Yoyaquim - Pero sus compañeros le decían: “¿Cómo vas a salir así?... Está
lloviendo mucho. Es de noche. No podrás encontrarla. Ella es
una sola. ¿Vas a dejar a las otras noventa y nueve?” Pero el
pastor no hizo caso, tomó el bastón, se echó el manto encima
y salió de prisa, en medio de aquella oscuridad, a buscar la
oveja enferma que se le había perdido...
Yoyaquim - Era su oveja. ¡Y aún estaba con vida! El pastor echó a correr
hacia el barranco, bajó hasta el fondo y la sacó de allí. ¡Estaba
salvada! Después, la cargó sobre los hombros, la cubrió con su
manto y se lanzó a campo traviesa, de vuelta al redil. Y cuando
llegó, le vendó las heridas y la acostó junto a sus hermanas,
sobre la paja caliente. Y el pastor estaba tan contento aquella
noche que salió a despertar a sus vecinos.

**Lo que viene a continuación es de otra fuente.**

lemma hom_Suc: "f \<in> hom (Suc n) m \<longleftrightarrow> (\<exists>p q. f = p # q \<and> valid_pt m p \<and> q \<in> hom n m)"
  by (auto simp: hom_def length_Suc_conv)

lemma hom_1 [simp]: "f \<in> hom (Suc 0) m \<longleftrightarrow> (\<exists>p. f = [p] \<and> valid_pt m p)"
  by (auto simp: hom_Suc)

lemma hom_2 [simp]: "f \<in> hom 2 m \<longleftrightarrow> (\<exists>p q. f = [p, q] \<and> valid_pt m p \<and> valid_pt m q)"
  by (auto simp: hom_Suc numeral_2_eq_2)

lemma valid_pt_app: "f \<in> hom n m \<Longrightarrow> valid_pt n p \<Longrightarrow> valid_pt m (app f p)"
  by (cases p) (auto simp: hom_def valid_pt_def)

lemma comp_hom: "f \<in> hom n m \<Longrightarrow> g \<in> hom m k \<Longrightarrow> comp g f \<in> hom n k"
  by (auto simp: comp_def hom_iff intro: valid_pt_app[of g m k])

lemma comp_assoc:
  assumes "f \<in> hom n (length g)"
  shows "comp h (comp g f) = comp (comp h g) f"
proof -
  have "app (comp h g) p = app h (app g p)" if "valid_pt (length g) p" for p
    using that by (cases p) (auto simp: comp_def valid_pt_def)
  with assms show ?thesis
    by (auto simp: comp_def hom_iff)
qed

lemma prod_rep_Nil [simp]: "gs \<in> prod_rep [] m \<longleftrightarrow> gs = []"
  by (simp add: prod_rep_def)

lemma prod_rep_Cons [simp]:
  "gs \<in> prod_rep (k # ks) m \<longleftrightarrow> (\<exists>g gs'. gs = g # gs' \<and> g \<in> hom k m \<and> gs' \<in> prod_rep ks m)"
  by (auto simp: prod_rep_def length_Suc_conv nth_Cons split: nat.splits)

lemma prod_rep_map_comp: "gs \<in> prod_rep ks m \<Longrightarrow> f \<in> hom m m' \<Longrightarrow> map (comp f) gs \<in> prod_rep ks m'"
  by (auto simp: prod_rep_def intro: comp_hom)

lemma pmap_cells: "is_pmap X ks S b \<Longrightarrow> gs \<in> prod_rep ks m \<Longrightarrow> S m gs \<Longrightarrow> b m gs \<in> cells X m"
  unfolding is_pmap_def by blast

lemma pmap_natural:
  "is_pmap X ks S b \<Longrightarrow> gs \<in> prod_rep ks m \<Longrightarrow> S m gs \<Longrightarrow> f \<in> hom m m' \<Longrightarrow>
   b m' (map (comp f) gs) = act X m' f (b m gs)"
  unfolding is_pmap_def by blast

lemma restr_in: "gs \<in> prod_rep ks m \<Longrightarrow> S m gs \<Longrightarrow> restr ks S b m gs = b m gs"
  by (simp add: restr_def)

lemma restr_out: "\<not> (gs \<in> prod_rep ks m \<and> S m gs) \<Longrightarrow> restr ks S b m gs = undefined"
  unfolding restr_def by (rule if_not_P)

lemma restr_cong:
  "(\<And>m gs. gs \<in> prod_rep ks m \<Longrightarrow> S m gs \<Longrightarrow> b m gs = c m gs) \<Longrightarrow> restr ks S b = restr ks S c"
  by (auto simp: restr_def fun_eq_iff)

lemma is_pmap_restr_precomp:
  assumes x: "is_pmap X ks' S' x"
    and S_map: "\<And>m m' f gs. gs \<in> prod_rep ks m \<Longrightarrow> S m gs \<Longrightarrow> f \<in> hom m m' \<Longrightarrow>
        S m' (map (comp f) gs)"
    and G_dom: "\<And>m gs. gs \<in> prod_rep ks m \<Longrightarrow> S m gs \<Longrightarrow> G gs \<in> prod_rep ks' m \<and> S' m (G gs)"
    and G_map: "\<And>m m' f gs. gs \<in> prod_rep ks m \<Longrightarrow> S m gs \<Longrightarrow> f \<in> hom m m' \<Longrightarrow>
        G (map (comp f) gs) = map (comp f) (G gs)"
  shows "is_pmap X ks S (restr ks S (\<lambda>m gs. x m (G gs)))"
  unfolding is_pmap_def
proof (intro conjI allI impI)
  fix m gs assume "gs \<in> prod_rep ks m \<and> S m gs"
  then show "restr ks S (\<lambda>m gs. x m (G gs)) m gs \<in> cells X m"
    using G_dom pmap_cells[OF x] by (simp add: restr_in)
next
  fix m m' f gs assume gs: "gs \<in> prod_rep ks m \<and> S m gs \<and> f \<in> hom m m'"
  then have "map (comp f) gs \<in> prod_rep ks m'" "S m' (map (comp f) gs)"
    using prod_rep_map_comp S_map by blast+
  then have "restr ks S (\<lambda>m gs. x m (G gs)) m' (map (comp f) gs) = x m' (G (map (comp f) gs))"
    by (rule restr_in)
  also have "\<dots> = x m' (map (comp f) (G gs))"
    using gs by (auto simp: G_map)
  also have "\<dots> = act X m' f (x m (G gs))"
    using pmap_natural[OF x] G_dom gs by blast
  also have "\<dots> = act X m' f (restr ks S (\<lambda>m gs. x m (G gs)) m gs)"
    using gs by (simp add: restr_in)
  finally show "restr ks S (\<lambda>m gs. x m (G gs)) m' (map (comp f) gs)
      = act X m' f (restr ks S (\<lambda>m gs. x m (G gs)) m gs)" .
next
  fix m gs assume "\<not> (gs \<in> prod_rep ks m \<and> S m gs)"
  then show "restr ks S (\<lambda>m gs. x m (G gs)) m gs = undefined"
    by (rule restr_out)
qed

lemma exp_cset_cells [simp]: "a \<in> cells (exp_cset X ks) n \<longleftrightarrow> is_pmap X (n # ks) allp a"
  by (simp add: exp_cset_def)

lemma exp_cset_act: "act (exp_cset X ks) m f a = restr (m # ks) allp (\<lambda>m' gs. a m' (comp (hd gs) f # tl gs))"
  by (simp add: exp_cset_def)

lemma is_cmap_rep_precomp:
  assumes F: "F \<in> hom k l"
  shows "is_cmap (rep l) (rep k) (\<lambda>_ g. comp g F)"
  unfolding is_cmap_def rep_def
proof (simp, intro conjI allI impI)
  fix m g assume "g \<in> hom l m"
  then show "comp g F \<in> hom k m" using comp_hom[OF F] by blast
next
  fix m m' f g assume "f \<in> hom m m' \<and> g \<in> hom l m"
  then have "F \<in> hom k (length g)" using F by (simp add: hom_iff)
  then show "comp (comp f g) F = comp f (comp g F)" by (simp add: comp_assoc)
qed

lemma face_hom: "1 \<le> i \<Longrightarrow> i \<le> n \<Longrightarrow> face n i d \<in> hom n (n - 1)"
  by (auto simp: face_def hom_iff ep_def)

lemma box_map_comp:
  assumes gs: "gs \<in> prod_rep [k, n] m" and box: "box n e m gs" and f: "f \<in> hom m m'"
  shows "box n e m' (map (comp f) gs)"
proof -
  obtain i d h' where i: "1 \<le> i" "i \<le> n" "(i, d) \<noteq> (1, e)" and h': "h' \<in> hom (n - 1) m"
    and eq: "gs ! 1 = comp h' (face n i d)"
    using box unfolding box_def by blast
  have "face n i d \<in> hom n (length h')"
    using face_hom[OF i(1,2)] h' by (simp add: hom_iff)
  then have "map (comp f) gs ! 1 = comp (comp f h') (face n i d)"
    using gs eq by (auto simp: comp_assoc)
  moreover have "comp f h' \<in> hom (n - 1) m'"
    using comp_hom[OF h' f] .
  ultimately show ?thesis
    unfolding box_def using i by blast
qed

lemma box_2_True:
  assumes "valid_pt m t" "valid_pt m s"
  shows "box 2 True m [g, [t, s]] \<longleftrightarrow> t = Bot \<or> s = Bot \<or> s = Top"
proof -
  have faces: "face 2 1 d = [ep d, V 0]" "face 2 (Suc 0) d = [ep d, V 0]" "face 2 2 d = [V 0, ep d]"
    for d by (simp_all add: face_def upt_rec)
  show ?thesis
  proof
    assume "box 2 True m [g, [t, s]]"
    then obtain i d h' where i: "1 \<le> i" "i \<le> 2" "(i, d) \<noteq> (1, True)" "h' \<in> hom 1 m"
      and eq: "[t, s] = comp h' (face 2 i d)"
      unfolding box_def by (simp del: hom_1) blast
    from i have "i = 1 \<or> i = 2" by auto
    then show "t = Bot \<or> s = Bot \<or> s = Top"
      using eq i by (auto simp: faces comp_def ep_def split: if_splits)
  next
    assume "t = Bot \<or> s = Bot \<or> s = Top"
    then consider "t = Bot" | d where "s = ep d"
      unfolding ep_def by (metis (full_types))
    then show "box 2 True m [g, [t, s]]"
    proof cases
      case 1
      then show ?thesis
        unfolding box_def using assms
        by (intro exI[of _ 1] exI[of _ False]) (auto simp: faces comp_def ep_def intro!: bexI[of _ "[s]"])
    next
      case 2
      then show ?thesis
        unfolding box_def using assms
        by (intro exI[of _ 2] exI[of _ d]) (auto simp: faces comp_def ep_def intro!: bexI[of _ "[t]"])
    qed
  qed
qed

lemma uniform_kanD:
  assumes "uniform_kan X \<phi>" "1 \<le> n" "1 \<le> k" "is_pmap X [k, n] (box n e) b"
  shows "is_pmap X [k, n] allp (\<phi> n e k b)"
    and "gs \<in> prod_rep [k, n] m \<Longrightarrow> box n e m gs \<Longrightarrow> \<phi> n e k b m gs = b m gs"
    and "1 \<le> j \<Longrightarrow> is_cmap (rep j) (rep k) \<alpha> \<Longrightarrow>
      \<phi> n e j (restr [j, n] (box n e) (\<lambda>m gs. b m [\<alpha> m (gs ! 0), gs ! 1]))
      = restr [j, n] allp (\<lambda>m gs. \<phi> n e k b m [\<alpha> m (gs ! 0), gs ! 1])"
  using assms unfolding uniform_kan_def by blast+

definition shift_pt :: "pt \<Rightarrow> pt" where
  "shift_pt p = (case p of V i \<Rightarrow> V (Suc i) | q \<Rightarrow> q)"

definition pad_hom :: "pt list \<Rightarrow> pt list" where
  "pad_hom f = Bot # map shift_pt f"

lemma pad_hom_hom: "f \<in> hom n m \<Longrightarrow> pad_hom f \<in> hom (Suc n) (Suc m)"
  by (auto simp: pad_hom_def hom_iff shift_pt_def valid_pt_def split: pt.splits)

lemma comp_Cons_pad_hom: "comp (p # q) (pad_hom f) = Bot # comp q f"
  by (auto simp: pad_hom_def comp_def shift_pt_def split: pt.splits)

Seis siglos antes, el profeta Ezequiel había escrito en su libro: “Así dice Dios: mi rebaño anda
suelto y no hay quién se ocupe de él. Por eso, aquí estoy yo.(3) Yo mismo cuidaré del rebaño
y velaré por él. Las recobraré de todos los lugares donde se dispersaron en el día de nubes
y bruma. Buscaré la oveja perdida, haré volver a la descarriada, vendaré a la herida y sanaré
a la enferma. Y a todas las encaminaré en la justicia.”
1. En la parábola del pastor y la oveja perdida Jesús quiso explicar cómo es Dios. Resultó
sorprendente que Jesús comparara los sentimientos y la actitud de Dios con los de un pastor.
Junto con los publicanos y otros oficios despreciables (usureros, cambistas), los pastores
habían llegado a ser en tiempos de Jesús gente de muy mala fama, contados sin discusión
entre los “pecadores”.
2. El pastor de la historia de Jesús tiene cien ovejas. Para lo acostumbrado en aquel tiempo,
resultaba un rebaño de mediana importancia. Entre los beduinos, los rebaños tenían
ordinariamente entre 20 y 200 animales, tratándose de ovejas o cabras. Un rebaño de cien
ovejas era cuidado exclusivo de un solo pastor que, por su baja posición económica, no podía
permitirse contratar ningún asalariado para ayudarle. En Palestina, los pastores tenían la
costumbre de contar su rebaño al atardecer, antes de guardarlo en el redil, para tener la
seguridad de no haber perdido ningún animal.
3. En la parábola de la oveja perdida, Jesús comparó a Dios con un pastor. Y en otra ocasión
se comparó a sí mismo con un buen pastor. Estas comparaciones tienen varios antecedentes
en el Antiguo Testamento. El texto del profeta Ezequiel (34, 1-31), en el que se anunciaban
los tiempos mesiánicos, es la fuente más directa en la que Jesús se inspiró para su
comparación. Y tanto impresionó a los discípulos esta imagen, que el pastor con la oveja
perdida sobre sus hombros fue, con el pez y los panes, el símbolo más frecuentemente usado
en el arte de los primeros cristianos. Se halla la imagen del buen pastor en esculturas,
sepulcros, altares y en las paredes de las catacumbas romanas donde los cristianos
perseguidos se reunían para orar y celebrar su fe.